Audit documentation is the written record of the procedures performed, the evidence obtained, and the conclusions reached during an audit engagement. Good audit documentation does more than satisfy a compliance requirement. It creates institutional memory, supports quality control, and makes future audits faster and more reliable.

Several practical principles help organizations build strong documentation habits.

Document contemporaneously. Evidence should be recorded as it is gathered, not reconstructed after the fact. Contemporaneous records are more accurate and are treated as more credible during review.

Link evidence to objectives. Each piece of documentation should be clearly connected to the specific assertion or standard it supports. Reviewers should be able to follow the logic from objective to procedure to evidence to conclusion without needing to guess at the connection.

Maintain version control. When documents are updated or superseded, earlier versions should be retained and clearly labeled. This is particularly important for organizations subject to regulatory review.

Standardize working paper formats. Consistent templates for checklists, memos, and testing schedules reduce the risk that important steps are missed and make it easier for a second reviewer to follow the work.
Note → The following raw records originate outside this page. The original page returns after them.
theorem lemma6:
  fixes src dst :: "'e::finite \<Rightarrow> nat" and n :: nat
    and pth :: "'p::finite \<Rightarrow> 'e list"
    and mu dmu :: "'e \<Rightarrow> real \<Rightarrow> real"
    and G :: "nat \<Rightarrow> real^'e \<Rightarrow> real^'p \<Rightarrow> real^'e"
    and Pih :: "(real^'p) set" and h :: "real^'p \<Rightarrow> real"
    and \<alpha> :: real
  assumes "network src dst n"
    and "path_indexing src dst n pth"
    and "flow_density mu dmu"
    and "min_cut_gt_one mu src dst n"
    and "local_decisions mu pth src n G"
    and "admissible_perturbation mu pth Pih h"
    and "0 < \<alpha>" and "\<alpha> < 1"
  shows "\<exists>l>0. \<forall>\<eta>>0. \<exists>t0\<ge>0. \<forall>\<pi> \<rho>.
           admissible_init mu pth (\<pi> 0) (\<rho> 0) \<longrightarrow>
           is_solution mu dmu pth src dst G Pih h \<eta> \<pi> \<rho> \<longrightarrow>
           (\<forall>t\<ge>t0. Phi (gradW mu dmu pth src n \<alpha> (\<rho> t) (\<pi> t)) \<bullet>
                      (best_response mu dmu pth Pih h (mu_vec mu (\<rho> t)) - \<pi> t)
                    \<le> 2 * l / (1 - \<alpha>))"
proof -
  obtain c where c_pos: "\<And>e. 0 < c e"
    and c_le: "\<And>\<eta> \<pi> \<rho> t e. 0 < \<eta> \<Longrightarrow> is_solution mu dmu pth src dst G Pih h \<eta> \<pi> \<rho> \<Longrightarrow>
                 ln 2 \<le> \<eta> * t \<Longrightarrow> c e \<le> dmu e (rho_pi mu pth (\<pi> t) e)"
    using dmu_rho_pi_bounded_below[OF assms(3,6)] by blast
  define L where "L = real n * (\<Sum>e\<in>UNIV. 1 / c e)"
  have "0 \<le> L" using c_pos by (simp add: L_def sum_nonneg less_imp_le)
  have "2 * L \<le> 2 * (L + 1) * (1 - \<alpha>) / (1 - \<alpha>)" using assms(8) by simp
  also have "\<dots> \<le> 2 * (L + 1) / (1 - \<alpha>)"
    using \<open>0 \<le> L\<close> assms(7,8) by (intro divide_right_mono mult_left_le_one_le) auto
  finally have L_le: "2 * L \<le> 2 * (L + 1) / (1 - \<alpha>)" .
  have bound: "Phi (gradW mu dmu pth src n \<alpha> (\<rho> t) (\<pi> t)) \<bullet>
          (best_response mu dmu pth Pih h (mu_vec mu (\<rho> t)) - \<pi> t) \<le> 2 * (L + 1) / (1 - \<alpha>)"
    if \<eta>: "0 < \<eta>" and sol: "is_solution mu dmu pth src dst G Pih h \<eta> \<pi> \<rho>" and "ln 2 / \<eta> \<le> t"
    for \<eta> \<pi> \<rho> t
  proof -
    have t: "ln 2 \<le> \<eta> * t" using that by (simp add: divide_le_eq mult.commute)
    have "Phi (gradW mu dmu pth src n \<alpha> (\<rho> t) (\<pi> t)) \<bullet>
          (best_response mu dmu pth Pih h (mu_vec mu (\<rho> t)) - \<pi> t) \<le> 2 * L"
      unfolding L_def
      by (rule inner_Phi_gradW_le[OF assms(6) sol nonneg_if_ln2_le_mult[OF \<eta> t]])
        (use assms(7,8) c_pos c_le[OF \<eta> sol t] in auto)
    with L_le show ?thesis by linarith
  qed
  show ?thesis
    by (rule exI[of _ "L + 1"], intro conjI allI impI exI[of _ "ln 2 / \<eta>" for \<eta>])
      (use bound \<open>0 \<le> L\<close> in auto)
qed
Protect and retain records appropriately. The Sarbanes-Oxley Act sets specific retention requirements for audit documentation of public companies. Healthcare organizations face similar requirements under federal and state regulations. Secure storage, clear access controls, and defined retention schedules are non-negotiable components of a compliant documentation system.

Strong audit documentation is ultimately what makes an evidence-based audit defensible. The quality of the underlying procedures matters, but if those procedures are not documented clearly, the evidence they produced cannot be relied upon with confidence.